- **Assigned task**: Report every line below that holds the word "symmetric".

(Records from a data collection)
lemma Re_phi_majorant_ii_le:
  fixes \<phi> :: "real \<Rightarrow> real"
  assumes cont: "continuous_on {0..} \<phi>"
    and mono: "\<And>x y. 0 \<le> x \<Longrightarrow> x \<le> y \<Longrightarrow> \<phi> x \<le> \<phi> y"
    and nonneg: "\<And>x. x \<ge> 0 \<Longrightarrow> \<phi> x \<ge> 0" and "1 \<le> A"
  shows "Re (phi_majorant \<phi> A \<i>) \<le> 16 * integral {0..A} (\<lambda>x. \<phi> x / (x\<^sup>2 + 1)) + 16 * \<phi> A / A"
proof -
  define J where "J = nat \<lfloor>A\<rfloor>"
  define g where "g m = 8 * \<phi> (min (real m) A) / ((real m)\<^sup>2 + 4)" for m :: nat
  have J: "real J \<le> A" "A < real J + 1"
    unfolding J_def using \<open>1 \<le> A\<close> by linarith+
  have head: "g m \<le> 16 * (\<phi> (real m) / ((real m + 1)\<^sup>2 + 1))" if "m < J" for m
  proof -
    have "min (real m) A = real m"
      using that J by simp
    then show ?thesis
      using mult_right_mono[OF poisson_weight_le_shifted[of "real m"] nonneg[of "real m"]]
      by (simp add: g_def)
  qed
  have tail: "g m \<le> 8 * (\<phi> A / A)" if "J \<le> m" for m
  proof -
    have "g m \<le> 8 * \<phi> A / ((real m)\<^sup>2 + 4)"
      unfolding g_def using mono[of "min (real m) A" A] \<open>1 \<le> A\<close> by (intro divide_right_mono) auto
    also have "\<dots> \<le> 8 * \<phi> A / A"
      using le_square_add_4[of A "real m"] that J \<open>1 \<le> A\<close> nonneg[of A]
      by (intro divide_left_mono) auto
    finally show ?thesis
      by simp
  qed
  have "(\<Sum>m<J. g m) \<le> 16 * (\<Sum>m<J. \<phi> (real m) / ((real m + 1)\<^sup>2 + 1))"
    unfolding sum_distrib_left using head by (intro sum_mono) auto
  also have "\<dots> \<le> 16 * integral {0..real J} (\<lambda>x. \<phi> x / (x\<^sup>2 + 1))"
    using sum_le_integral_phi_weight[OF cont mono nonneg] by simp
  also have "\<dots> \<le> 16 * integral {0..A} (\<lambda>x. \<phi> x / (x\<^sup>2 + 1))"
    using integral_phi_weight_mono[OF cont nonneg J(1)] by simp
  finally have "(\<Sum>m<J. g m) \<le> 16 * integral {0..A} (\<lambda>x. \<phi> x / (x\<^sup>2 + 1))" .
  moreover have "Re (phi_majorant \<phi> A \<i>) = (\<Sum>m<J. g m) + g J + g (J + 1)"
    by (simp add: Re_phi_majorant_ii g_def J_def lessThan_Suc_atMost[symmetric])
  moreover have "16 * \<phi> A / A = 8 * (\<phi> A / A) + 8 * (\<phi> A / A)"
    by simp
  ultimately show ?thesis
    using tail[of J] tail[of "J + 1"] by linarith
qed

lemma exp_1_mult_le_sum_squares_cube:
  fixes A x :: real
  assumes "0 < A" "A \<le> x"
  shows "exp 1 * (2 * x * A ^ 5) \<le> (x\<^sup>2 + A\<^sup>2) ^ 3"
proof -
  have "exp 1 * (2 * x * A ^ 5) \<le> 4 * (2 * x * A ^ 5)"
    using exp_le assms by (intro mult_right_mono) auto
  also have "\<dots> = (2 * x * A) * (2 * A\<^sup>2)\<^sup>2"
    by (simp add: power2_eq_square eval_nat_numeral mult_ac)
  also have "\<dots> \<le> (x\<^sup>2 + A\<^sup>2) * (x\<^sup>2 + A\<^sup>2)\<^sup>2"
  proof (intro mult_mono power_mono)
    show "2 * x * A \<le> x\<^sup>2 + A\<^sup>2"
      using zero_le_power2[of "x - A"] by (simp add: power2_eq_square algebra_simps)
    show "2 * A\<^sup>2 \<le> x\<^sup>2 + A\<^sup>2"
      using assms power_mono[of A x 2] by simp
  qed (use assms in auto)
  also have "\<dots> = (x\<^sup>2 + A\<^sup>2) ^ 3"
    by (simp add: power2_eq_square power3_eq_cube)
  finally show ?thesis .
qed

lemma damping_absorbs_growth:
  fixes A x :: real
  assumes "0 < A" "A \<le> x"
  shows "(2 * x / A) ^ n * (A / sqrt (x\<^sup>2 + A\<^sup>2)) ^ (6 * n) \<le> exp (- real n)"
proof -
  define Y where "Y = x\<^sup>2 + A\<^sup>2"
  have "0 < Y"
    using \<open>0 < A\<close> by (simp add: Y_def add_nonneg_pos)
  have "sqrt Y ^ 6 = (sqrt Y ^ 2) ^ 3"
    by (simp flip: power_mult)
  also have "\<dots> = Y ^ 3"
    using \<open>0 < Y\<close> by simp
  finally have "(2 * x / A) * (A / sqrt Y) ^ 6 = 2 * x * (A * A ^ 5) / (A * Y ^ 3)"
    by (simp add: power_divide flip: power_Suc)
  also have "\<dots> = 2 * x * A ^ 5 / Y ^ 3"
    using \<open>0 < A\<close> by simp
  also have "\<dots> \<le> exp (- 1)"
    using exp_1_mult_le_sum_squares_cube[OF assms, folded Y_def] \<open>0 < Y\<close>
    by (simp add: exp_minus divide_le_eq field_simps)
  finally have base: "(2 * x / A) * (A / sqrt Y) ^ 6 \<le> exp (- 1)" .
  have "(2 * x / A) ^ n * (A / sqrt Y) ^ (6 * n) = ((2 * x / A) * (A / sqrt Y) ^ 6) ^ n"
    by (simp only: power_mult power_mult_distrib)
  also have "\<dots> \<le> exp (- 1) ^ n"
    using base \<open>0 < A\<close> \<open>A \<le> x\<close> by (intro power_mono) auto
  also have "\<dots> = exp (- real n)"
    by (simp flip: exp_of_nat_mult)
  finally show ?thesis
    by (simp add: Y_def)
qed

lemma poly_damped_outside_interval:
  fixes p :: "complex poly"
  assumes deg: "degree p \<le> n" and "0 < A"
    and bound: "\<And>x::real. \<bar>x\<bar> \<le> A \<Longrightarrow> cmod (poly p (of_real x)) \<le> M"
    and "A \<le> \<bar>t\<bar>"
  shows "cmod (poly p (of_real t)) * (A / sqrt (t\<^sup>2 + A\<^sup>2)) ^ (6 * n) \<le> M * exp (- real n)"
proof -
  have "M \<ge> 0"
    using bound[of 0] \<open>A > 0\<close> by (metis abs_zero less_imp_le norm_ge_zero order_trans)
  have "cmod (poly p (of_real t)) * (A / sqrt (t\<^sup>2 + A\<^sup>2)) ^ (6 * n)
      \<le> M * (2 * \<bar>t\<bar> / A) ^ n * (A / sqrt (t\<^sup>2 + A\<^sup>2)) ^ (6 * n)"
    using poly_growth_outside_interval[OF deg \<open>0 < A\<close> bound \<open>A \<le> \<bar>t\<bar>\<close>] \<open>0 < A\<close>
    by (intro mult_right_mono) auto
  also have "\<dots> \<le> M * exp (- real n)"
    using damping_absorbs_growth[OF \<open>0 < A\<close> \<open>A \<le> \<bar>t\<bar>\<close>, of n] \<open>M \<ge> 0\<close>
    by (simp add: mult.assoc mult_left_mono)
  finally show ?thesis .
qed

lemma norm_le_norm_add_imaginary:
  assumes "Im z \<ge> 0" and "b \<ge> 0"
  shows "cmod z \<le> cmod (z + \<i> * of_real b)"
  using assms by (auto simp: cmod_def intro!: power_mono)

lemma norm_poly_times_damping_le:
  fixes p :: "complex poly"
  assumes "degree p \<le> n" and "A \<ge> 0" and "Im z \<ge> 0" and "cmod z \<ge> 1"
  shows "cmod (poly p z * (\<i> * of_real A / (z + \<i> * of_real A)) ^ (6 * n))
    \<le> (\<Sum>k\<le>n. cmod (coeff p k)) * A ^ (6 * n)"
proof -
  define S where "S = (\<Sum>k\<le>n. cmod (coeff p k))"
  have "S \<ge> 0"
    by (simp add: S_def sum_nonneg)
  have poly_le: "cmod (poly p z) \<le> S * cmod z ^ n"
    using norm_poly_le_coeff_sum[OF assms(1), of z] assms(4) by (simp add: S_def max_def)
  have "cmod (\<i> * of_real A / (z + \<i> * of_real A)) = A / cmod (z + \<i> * of_real A)"
    using \<open>A \<ge> 0\<close> by (simp add: norm_divide norm_mult)
  also have "\<dots> \<le> A / cmod z"
    using norm_le_norm_add_imaginary[OF assms(3,2)] assms(2,4) by (intro divide_left_mono mult_pos_pos) auto
  finally have "cmod (poly p z * (\<i> * of_real A / (z + \<i> * of_real A)) ^ (6 * n))
      \<le> S * cmod z ^ n * (A / cmod z) ^ (6 * n)"
    unfolding norm_mult norm_power using poly_le \<open>S \<ge> 0\<close> \<open>A \<ge> 0\<close>
    by (intro mult_mono power_mono) auto
  also have "\<dots> = S * A ^ (6 * n) * (cmod z ^ n / cmod z ^ (6 * n))"
    by (simp add: power_divide)
  also have "\<dots> \<le> S * A ^ (6 * n)"
  proof -
    have ratio_le: "cmod z ^ n / cmod z ^ (6 * n) \<le> 1"
    proof (subst divide_le_eq_1_pos)
      show "0 < cmod z ^ (6 * n)"
        using assms(4) by (intro zero_less_power) linarith
    qed (use assms(4) power_increasing[of n "6 * n" "cmod z"] in auto)
    show ?thesis
      using mult_left_mono[OF ratio_le, of "S * A ^ (6 * n)"] \<open>S \<ge> 0\<close> \<open>A \<ge> 0\<close> by simp
  qed
  finally show ?thesis
    by (simp add: S_def)
qed

lemma norm_damped_poly_decay:
  fixes p :: "complex poly"
  assumes "degree p \<le> n" and "A \<ge> 0" and "Im z \<ge> 0" and "cmod z \<ge> 1" and "Re h \<ge> 0"
  shows "cmod (poly p z * (\<i> * of_real A / (z + \<i> * of_real A)) ^ (6 * n) * exp (- h) / (z + \<i>))
    \<le> (\<Sum>k\<le>n. cmod (coeff p k)) * A ^ (6 * n) / cmod z"
proof -
  define D where "D = poly p z * (\<i> * of_real A / (z + \<i> * of_real A)) ^ (6 * n)"
  have "cmod D * exp (- Re h) \<le> cmod D"
    using \<open>Re h \<ge> 0\<close> by (intro mult_right_le_one_le) auto
  also have "\<dots> \<le> (\<Sum>k\<le>n. cmod (coeff p k)) * A ^ (6 * n)"
    unfolding D_def by (rule norm_poly_times_damping_le[OF assms(1-4)])
  finally have "cmod D * exp (- Re h) \<le> (\<Sum>k\<le>n. cmod (coeff p k)) * A ^ (6 * n)" .
  moreover have "cmod z \<le> cmod (z + \<i>)"
    using norm_le_norm_add_imaginary[OF assms(3), of 1] by simp
  ultimately show ?thesis
    unfolding D_def[symmetric] using assms(2,4)
    by (auto simp: norm_mult norm_divide sum_nonneg intro!: frac_le)
qed

lemma damped_poly_real_bound:
  fixes p :: "complex poly" and \<phi> :: "real \<Rightarrow> real"
  assumes deg: "degree p \<le> n" and "1 \<le> A"
    and mono: "\<And>x y. 0 \<le> x \<Longrightarrow> x \<le> y \<Longrightarrow> \<phi> x \<le> \<phi> y"
    and nonneg: "\<And>x. x \<ge> 0 \<Longrightarrow> \<phi> x \<ge> 0" and "\<phi> A = real n" and "w \<ge> 0"
    and p_bound: "\<And>t. \<bar>t\<bar> \<le> A \<Longrightarrow> cmod (poly p (of_real t)) \<le> sqrt (t\<^sup>2 + 1) * w * exp (\<phi> \<bar>t\<bar>)"
  shows "cmod (poly p (of_real t)) * (A / sqrt (t\<^sup>2 + A\<^sup>2)) ^ (6 * n)
      * exp (- Re (phi_majorant \<phi> A (of_real t))) \<le> sqrt (t\<^sup>2 + 1) * w"
proof (cases "\<bar>t\<bar> \<le> A")
  case True
  have "A \<le> sqrt (t\<^sup>2 + A\<^sup>2)"
    using \<open>1 \<le> A\<close> by (intro real_le_rsqrt) simp
  moreover have "0 < t\<^sup>2 + A\<^sup>2"
    using \<open>1 \<le> A\<close> by (intro add_nonneg_pos) auto
  ultimately have "(A / sqrt (t\<^sup>2 + A\<^sup>2)) ^ (6 * n) \<le> 1"
    using \<open>1 \<le> A\<close> by (intro power_le_one) (auto simp: divide_le_eq_1_pos)
  moreover have "exp (- Re (phi_majorant \<phi> A (of_real t))) \<le> exp (- \<phi> \<bar>t\<bar>)"
    using phi_le_Re_phi_majorant[OF mono nonneg True] by simp
  ultimately have "cmod (poly p (of_real t)) * (A / sqrt (t\<^sup>2 + A\<^sup>2)) ^ (6 * n)
      * exp (- Re (phi_majorant \<phi> A (of_real t))) \<le> sqrt (t\<^sup>2 + 1) * w * exp (\<phi> \<bar>t\<bar>) * 1 * exp (- \<phi> \<bar>t\<bar>)"
    using p_bound[OF True] \<open>w \<ge> 0\<close> \<open>1 \<le> A\<close> by (intro mult_mono) auto
  then show ?thesis
    by (simp add: mult.assoc exp_minus_inverse)
next
  case False
  define M where "M = sqrt (1 + A\<^sup>2) * w * exp (real n)"
  have bound_M: "cmod (poly p (of_real x)) \<le> M" if "\<bar>x\<bar> \<le> A" for x
  proof -
    have "x\<^sup>2 \<le> A\<^sup>2"
      using that power_mono[of "\<bar>x\<bar>" A 2] by simp
    then have "sqrt (x\<^sup>2 + 1) * w * exp (\<phi> \<bar>x\<bar>) \<le> M"
      unfolding M_def using mono[of "\<bar>x\<bar>" A] that \<open>\<phi> A = real n\<close> \<open>w \<ge> 0\<close>
      by (intro mult_mono) auto
    then show ?thesis
      using p_bound[OF that] by linarith
  qed
  define X where "X = cmod (poly p (of_real t)) * (A / sqrt (t\<^sup>2 + A\<^sup>2)) ^ (6 * n)"
  have "X \<le> M * exp (- real n)"
    unfolding X_def using False \<open>1 \<le> A\<close> by (intro poly_damped_outside_interval[OF deg _ bound_M]) auto
  also have "\<dots> = sqrt (1 + A\<^sup>2) * w"
    by (simp add: M_def mult.assoc exp_minus_inverse)
  also have "\<dots> \<le> sqrt (t\<^sup>2 + 1) * w"
    using False \<open>w \<ge> 0\<close> \<open>1 \<le> A\<close> power_mono[of A "\<bar>t\<bar>" 2] by (intro mult_right_mono) auto
  finally have X_le: "X \<le> sqrt (t\<^sup>2 + 1) * w" .
  have "exp (- Re (phi_majorant \<phi> A (of_real t))) \<le> 1"
    using Re_phi_majorant_nonneg[where \<phi> = \<phi>, OF nonneg] \<open>1 \<le> A\<close> by simp
  moreover have "0 \<le> X"
    unfolding X_def using \<open>1 \<le> A\<close> by simp
  ultimately have "X * exp (- Re (phi_majorant \<phi> A (of_real t))) \<le> X"
    by (intro mult_right_le_one_le) auto
  then show ?thesis
    using X_le unfolding X_def by linarith
qed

- **Answer box**:
    by (simp add: Re_phi_majorant_ii g_def J_def lessThan_Suc_atMost[symmetric])
    unfolding D_def[symmetric] using assms(2,4)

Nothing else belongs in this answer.